Daily Market News

Trick to bagging a top fixed rate deal that doesn’t stop you switching if a better deal


Banks are starting to withdraw their popular, top-paying, one-year fixed-rate bonds and Isas.

No doubt this is because nervous savers are pouring money into savings accounts to shelter it from the market turbulence caused by Donald Trump’s tariff wars.

More savings providers are likely to follow suit and cut their top rates, too, as they find themselves pushed to the top of the best buy tables and attract more money than they’d like.

But after this initial reaction, rates could go in either direction.

They could fall further if the Bank of England cuts interest rates sooner and faster to support the economy in the wake of the market turbulence. Its next meeting is on May 8 and anything could happen between now and then.

Or rates could even go up to tackle higher inflation, which could come about as a result of the tariffs pushing up the cost of products and materials.
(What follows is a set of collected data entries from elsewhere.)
lemma enn2ereal_tilde_term:
  assumes V: "V x = ennreal v" "0 \<le> v"
  shows "enn2ereal (tilde_term q c w V x a) = ereal v + hjb_term q c V x a / ereal (w x - c x a)"
proof -
  have Q: "0 \<le> qx q x a" by (rule qx_nonneg[OF kernel])
  have pos: "0 < w x - c x a" "0 < w x" "0 < 1 - qx q x a / w x"
    using w_ge[of x a] c_nonneg[of x a] Q by (simp_all add: field_simps)
  define I where "I = (\<integral>\<^sup>+y. V y \<partial>qplus q x a)"
  have hjb: "hjb_term q c V x a = ereal (c x a) * ereal v +
      (if I = \<infinity> then \<infinity> else enn2ereal I - enn2ereal (ennreal (qx q x a) * ennreal v))"
    unfolding hjb_term_def qint_def I_def nn_integral_completion Let_def V using V(2) by simp
  have tilde: "tilde_term q c w V x a = ennreal (w x / (w x - c x a)) *
      (ennreal (1 / w x) * I + ennreal v * ennreal (1 - qx q x a / w x))"
    unfolding I_def tilde_term_expand V ..
  show ?thesis
  proof (cases "I = \<infinity>")
    case True
    thus ?thesis unfolding hjb tilde using pos by (simp add: ennreal_mult_eq_top_iff)
  next
    case False
    then obtain i where i: "I = ennreal i" "0 \<le> i" by (cases I) auto
    define r where "r = w x / (w x - c x a) * (1 / w x * i + v * (1 - qx q x a / w x))"
    have r_nonneg: "0 \<le> r" unfolding r_def using pos i(2) V(2) by simp
    have "tilde_term q c w V x a = ennreal r"
      unfolding tilde i r_def using pos i(2) V(2)
      by (simp add: ennreal_mult[symmetric] ennreal_plus[symmetric] del: ennreal_plus)
    moreover have "hjb_term q c V x a = ereal (c x a * v + i - qx q x a * v)"
      unfolding hjb using i V(2) Q by (simp add: ennreal_mult[symmetric])
    moreover have "r = v + (c x a * v + i - qx q x a * v) / (w x - c x a)"
      unfolding r_def using pos by (simp add: field_simps)
    ultimately show ?thesis using pos r_nonneg by simp
  qed
qed

lemma tilde_denominator_bounds: "1 \<le> w x - c x a" "w x - c x a \<le> w x"
  using w_ge[of x a] c_nonneg[of x a] qx_nonneg[OF kernel, of x a] by linarith+

lemma hjb_INF_eq_0_iff_tilde_fixed_point:
  "(V x < \<infinity> \<longrightarrow> (INF a. hjb_term q c V x a) = 0) \<longleftrightarrow> V x = (INF a. tilde_term q c w V x a)"
proof (cases "V x = \<infinity>")
  case True
  thus ?thesis by (simp add: tilde_term_top)
next
  case False
  then obtain v where v: "V x = ennreal v" "0 \<le> v" by (cases "V x") auto
  show ?thesis
    using INF_offset_quotient_iff(1)[where d="\<lambda>a. w x - c x a" and h="hjb_term q c V x",
      OF tilde_denominator_bounds v(2) enn2ereal_tilde_term[where V=V and x=x, OF v]] v(1)
    by auto
qed

lemma hjb_argmin_iff_tilde_argmin:
  assumes "V x < \<infinity> \<longrightarrow> (INF a. hjb_term q c V x a) = 0"
  shows "(V x < \<infinity> \<longrightarrow> (INF a. hjb_term q c V x a) = 0 \<and> (INF a. hjb_term q c V x a) = hjb_term q c V x b)
    \<longleftrightarrow> (INF a. tilde_term q c w V x a) = tilde_term q c w V x b"
proof (cases "V x = \<infinity>")
  case True
  thus ?thesis by (simp add: tilde_term_top)
next
  case False
  then obtain v where v: "V x = ennreal v" "0 \<le> v" by (cases "V x") auto
  show ?thesis
    using INF_offset_quotient_iff(2)[where d="\<lambda>a. w x - c x a" and h="hjb_term q c V x",
      OF tilde_denominator_bounds v(2) enn2ereal_tilde_term[where V=V and x=x, OF v]] assms v(1)
    by auto
qed

end

theorem lemma5p8:
  fixes q :: "'a::polish_space \<Rightarrow> 'b::polish_space \<Rightarrow> 'a set \<Rightarrow> real"
    and c :: "'a \<Rightarrow> 'b \<Rightarrow> real"
    and w :: "'a \<Rightarrow> real"
  assumes q: "signed_rate_kernel q"
    and qbar: "\<And>x. bdd_above (range (qx q x))"
    and c_meas: "(\<lambda>(x,a). c x a) \<in> borel_measurable (borel \<Otimes>\<^sub>M borel)"
    and c_nonneg: "\<And>x a. c x a \<ge> 0"
    and cbar: "\<And>x. bdd_above (range (c x))"
    and w_meas: "w \<in> borel_measurable borel"
    and w_ge: "\<And>x. w x \<ge> 1 + (SUP a. c x a) + (SUP a. qx q x a)"
  shows
    "(\<forall>V. lower_semianalytic V \<and> (\<forall>x. V x \<ge> 1) \<longrightarrow>
       ((\<forall>x. V x < \<infinity> \<longrightarrow> (INF a. hjb_term q c V x a) = 0) \<longleftrightarrow>
        (\<forall>x. V x = (INF a. tilde_term q c w V x a)))) \<and>
    (\<forall>V \<phi>. lower_semianalytic V \<and> (\<forall>x. V x \<ge> 1) \<and>
        (\<forall>x. V x < \<infinity> \<longrightarrow> (INF a. hjb_term q c V x a) = 0) \<and>
        \<phi> \<in> borel_measurable borel \<longrightarrow>
       ((\<forall>x. V x < \<infinity> \<longrightarrow>
           (INF a. hjb_term q c V x a) = 0 \<and> (INF a. hjb_term q c V x a) = hjb_term q c V x (\<phi> x)) \<longleftrightarrow>
        (\<forall>x. (INF a. tilde_term q c w V x a) = tilde_term q c w V x (\<phi> x))))"
proof -
  interpret uniformized_rates q c w
  proof
    fix x a
    show "1 + c x a + qx q x a \<le> w x"
      using w_ge[of x] cSUP_upper[OF UNIV_I cbar, of x a] cSUP_upper[OF UNIV_I qbar, of x a] by linarith
  qed (use q c_nonneg in auto)
  show ?thesis
    using hjb_INF_eq_0_iff_tilde_fixed_point hjb_argmin_iff_tilde_argmin by blast
qed

end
Cuts: More savings providers are likely to cut their top rates as they find themselves pushed to the top of the best buy tables and attract more money than they’d like

Cuts: More savings providers are likely to cut their top rates as they find themselves pushed to the top of the best buy tables and attract more money than they’d like

That makes it very tricky to decide whether or not to go for a fixed-rate account – especially if you are among the millions who are seeing their current fixed-rate deals coming up to maturity.

For those who like the certainty of knowing exactly how much interest you will earn over the year, a fixed rate is a must – and right now they pay around the same as easy-access accounts.
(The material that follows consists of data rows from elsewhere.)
(* Let $0<\rho<0.1$ and define $$\phi(x)=\frac{\rho}{1-\rho^2}\|x\|\,e^{-\frac{(1.1\rho\|x\|)^2}{1-\rho^2}-\frac{1.1\rho}{1-\rho^2}\|x\|},\qquad x\in\mathbb{R}^2.$$ Let $\tilde f,\tilde g\colon\mathbb{R}^2\to\Delta_3$ be measurable. Then $$\sum_{d\ge2}\rho^d\sum_{\substack{k\in\mathbb{N}^2\\ \|k\|_1=d}}\Big|\Big\langle\int_{\mathbb{R}^2}\sqrt{k!}h_k(x)\tilde f(x)\gamma_2(x)\,dx,\int_{\mathbb{R}^2}\sqrt{k!}h_k(y)\tilde g(y)\gamma_2(y)\,dy\Big\rangle\Big|\le(5\rho+8\rho^2)\cdot\frac12\Big(\int_{\mathbb{R}^2}\phi\|\tilde f\|^2\gamma_2\,dx+\int_{\mathbb{R}^2}\phi\|\tilde g\|^2\gamma_2\,dx\Big).$$
   Context: $\Delta_3=\{x\in\mathbb{R}^3:\sum_ix_i=1,x_i\ge0\}$; $\gamma_2$ is the standard Gaussian density on $\mathbb{R}^2$; integrals of $\mathbb{R}^3$-valued functions are taken coordinatewise and $\langle\cdot,\cdot\rangle$, $\|\cdot\|$ are Euclidean. Hermite polynomials: $h_m(t)=\sum_{j=0}^{\lfloor m/2\rfloor}\frac{t^{m-2j}(-1)^j2^{-j}}{j!(m-2j)!}$ for integers $m\ge0$; for $k=(k_1,k_2)\in\mathbb{N}^2$ ($\mathbb{N}=\{0,1,\dots\}$), $h_k(x)=h_{k_1}(x_1)h_{k_2}(x_2)$, $k!=k_1!k_2!$, $\|k\|_1=k_1+k_2$. *)

theory Defs
  imports "HOL-Analysis.Analysis"
begin

definition Delta3 :: "(real^3) set" where
  "Delta3 = {v. (\<Sum>i\<in>UNIV. v $ i) = 1 \<and> (\<forall>i. v $ i \<ge> 0)}"

definition gauss2 :: "real^2 \<Rightarrow> real" where
  "gauss2 x = exp (- (norm x * norm x) / 2) / (2 * pi)"

definition herm :: "nat \<Rightarrow> real \<Rightarrow> real" where
  "herm m t = (\<Sum>j\<le>m div 2. t ^ (m - 2*j) * (-1) ^ j * (1/2) ^ j / (fact j * fact (m - 2*j)))"

definition herm2 :: "nat \<times> nat \<Rightarrow> real^2 \<Rightarrow> real" where
  "herm2 k x = herm (fst k) (x $ 1) * herm (snd k) (x $ 2)"

definition kfact :: "nat \<times> nat \<Rightarrow> real" where
  "kfact k = fact (fst k) * fact (snd k)"

definition hcoef :: "nat \<times> nat \<Rightarrow> (real^2 \<Rightarrow> real^3) \<Rightarrow> real^3" where
  "hcoef k f = (\<chi> i. LINT x|lborel. sqrt (kfact k) * herm2 k x * (f x $ i) * gauss2 x)"

definition phiw :: "real \<Rightarrow> real^2 \<Rightarrow> real" where
  "phiw \<rho> x = \<rho> / (1 - (\<rho> * \<rho>)) * norm x *
     exp (- ((11/10 * \<rho> * norm x) * (11/10 * \<rho> * norm x)) / (1 - (\<rho> * \<rho>)) - (11/10 * \<rho>) / (1 - (\<rho> * \<rho>)) * norm x)"

definition level_term :: "real \<Rightarrow> (real^2 \<Rightarrow> real^3) \<Rightarrow> (real^2 \<Rightarrow> real^3) \<Rightarrow> nat \<Rightarrow> real" where
  "level_term \<rho> f g d = \<rho> ^ d *
     (\<Sum>k\<in>{k::nat\<times>nat. fst k + snd k = d}. \<bar>hcoef k f \<bullet> hcoef k g\<bar>)"

end

theory Submission
  imports Defs "HOL-Probability.Probability" "HOL-Computational_Algebra.Polynomial"
begin

text \<open>
  By AM-GM each term \<open>|<f_k, g_k>|\<close> is at most \<open>(|f_k|^2 + |g_k|^2) / 2\<close>, and
  \<open>\<rho>^d \<le> \<rho>^2\<close> for \<open>d \<ge> 2\<close>, so the left-hand side is at most \<open>\<rho>^2 / 2\<close> times the
  sum of all squared Hermite coefficients of \<open>f\<close> and \<open>g\<close>. The functions
  \<open>sqrt(k!) h_k\<close> are orthonormal for the Gaussian measure, so Bessel's inequality bounds
  each of these sums by \<open>\<integral> |f|^2 \<gamma> \<le> 1\<close>, the simplex lying in the unit ball; hence the
  left-hand side is at most \<open>\<rho>^2\<close>.

  Conversely \<open>|v|^2 \<ge> 1/3\<close> on the simplex, and \<open>exp (-t) \<ge> 1 - t\<close> bounds \<open>\<phi>\<close> from
  below by a polynomial in \<open>|x|^2\<close> whose Gaussian integral is at least \<open>3\<rho>/5\<close>. So the
  right-hand side is at least \<open>(5\<rho>/2) (2\<rho>/5) = \<rho>^2\<close>.
\<close>

section \<open>Hermite polynomials\<close>

lemma le_even_diff_iff: "i \<le> m \<and> even (m - i) \<longleftrightarrow> (\<exists>j. m = i + 2*j)" for i m :: nat
proof
  assume "i \<le> m \<and> even (m - i)"
  then obtain j where "m - i = 2*j" "i \<le> m" by (blast elim: evenE)
  then show "\<exists>j. m = i + 2*j" by (intro exI[of _ j]) simp
qed auto

definition herm_term :: "nat \<Rightarrow> nat \<Rightarrow> real" where
  "herm_term j i = (-1) ^ j * (1/2) ^ j / (fact j * fact i)"

definition herm_coeff :: "nat \<Rightarrow> nat \<Rightarrow> real" where
  "herm_coeff m i = (if i \<le> m \<and> even (m - i) then herm_term ((m - i) div 2) i else 0)"

lemma herm_term_Suc_right: "real (Suc i) * herm_term j (Suc i) = herm_term j i"
  by (simp add: herm_term_def field_simps del: of_nat_Suc)

lemma herm_term_Suc_left: "2 * real (Suc j) * herm_term (Suc j) i = - herm_term j i"
  by (simp add: herm_term_def field_simps del: of_nat_Suc)

lemma herm_coeff_eq: "herm_coeff (i + 2*j) i = herm_term j i"
  by (simp add: herm_coeff_def)

lemma herm_coeff_eq_0: "\<nexists>j. m = i + 2*j \<Longrightarrow> herm_coeff m i = 0"
  by (simp only: herm_coeff_def le_even_diff_iff if_False)

lemma herm_coeff_Suc_Suc: "real (Suc i) * herm_coeff (Suc m) (Suc i) = herm_coeff m i"
proof (cases "\<exists>j. m = i + 2*j")
  case True
  then obtain j where "m = i + 2*j" by blast
  then show ?thesis using herm_coeff_eq herm_term_Suc_right by (metis add_Suc)
next
  case False
  then show ?thesis by (simp add: herm_coeff_eq_0)
qed

lemma herm_coeff_rec:
  "real (Suc m) * herm_coeff (Suc m) i =
     (if i = 0 then 0 else herm_coeff m (i - 1)) - real (Suc i) * herm_coeff m (Suc i)"
proof (cases "\<exists>j. Suc m = i + 2*j")
  case True
  then obtain j where j: "Suc m = i + 2*j" by blast
  consider j' where "i = 0" "j = Suc j'" | i' where "i = Suc i'" "j = 0"
    | i' j' where "i = Suc i'" "j = Suc j'"
    using j by (cases i; cases j) auto
  then show ?thesis
  proof cases
    case (1 j')
    then show ?thesis
      using j herm_term_Suc_right[of 0 j'] herm_term_Suc_left[of j' 0]
      by (simp add: herm_coeff_def algebra_simps)
  next
    case (2 i')
    then show ?thesis
      using j herm_term_Suc_right[of i' 0] by (simp add: herm_coeff_def)
  next
    case (3 i' j')
    then show ?thesis
      using j herm_term_Suc_right[of i' "Suc j'"] herm_term_Suc_right[of "Suc i'" j']
        herm_term_Suc_left[of j' "Suc i'"]
      by (simp add: herm_coeff_def algebra_simps)
  qed
next
  case False
  have "herm_coeff m (i - 1) = 0" if "i > 0"
  proof (rule herm_coeff_eq_0, rule notI)
    assume "\<exists>j. m = i - 1 + 2*j"
    then obtain j where "m = i - 1 + 2*j" by blast
    then have "Suc m = i + 2*j" using that by simp
    with False show False by blast
  qed
  moreover have "herm_coeff m (Suc i) = 0"
  proof (rule herm_coeff_eq_0, rule notI)
    assume "\<exists>j. m = Suc i + 2*j"
    then obtain j where "m = Suc i + 2*j" by blast
    then have "Suc m = i + 2 * Suc j" by simp
    with False show False by blast
  qed
  ultimately show ?thesis using herm_coeff_eq_0[OF False] by simp
qed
Here’s a trick that will allow you to lock into a good deal in case rates continue to fall – but offer you some leeway in case rates rise quickly, leaving you regretting your decision.

Put your money into a fixed-rate Isa rather than a fixed-rate bond. Providers who offer fixed-rate bonds won’t let you touch your money during the term, so if rates go up you are stuck on a lower rate.

But it is different with fixed-rate Isas. The rules say that they must give you access to your money during the term and your interest is tax-free.

The best one-year fixed-rate cash Isas only pay slightly less than the top taxable bond equivalent – for example, Cynergy Bank pays 4.65 per cent on its bond and 4.55 per cent on its Isa.

Online, the best one-year fixed-rate cash Isa comes from Cynergy Bank at 4.55 per cent. But if you come out of it early there is a high charge – double the usual 90 days of interest.

Vanquis Bank pays 4.42 per cent and Paragon, Aldermore and United Trust Bank 4.3 per cent, all of which charge the usual 90 days’ interest – or around £10.50 for each £1,000 you withdraw.

Watch out! Withdrawal fees sting

Among all the turmoil raining down on us, there is a glimmer of light – you now have another Isa allowance for this new tax year, which started on Sunday.

You can put up to £20,000 into a cash Isa and earn tax-free interest, but tread carefully.

Providers new and old have launched a stream of accounts that are classed as easy-access accounts but limit the number of times you can withdraw money. 

This lets them pay higher rates as they don’t have to fund the admin costs of money flowing in and out.

I prefer accounts with no restrictions, such as Charter Savings Bank’s 4.59 per cent on issue 57 (not flexible), launched yesterday. Watch this rate carefully as the bank often pays less on issues no longer on sale.

Ford Money also offers 4.35 per cent (flexible) and Family BS at 4.37 per cent (not flexible).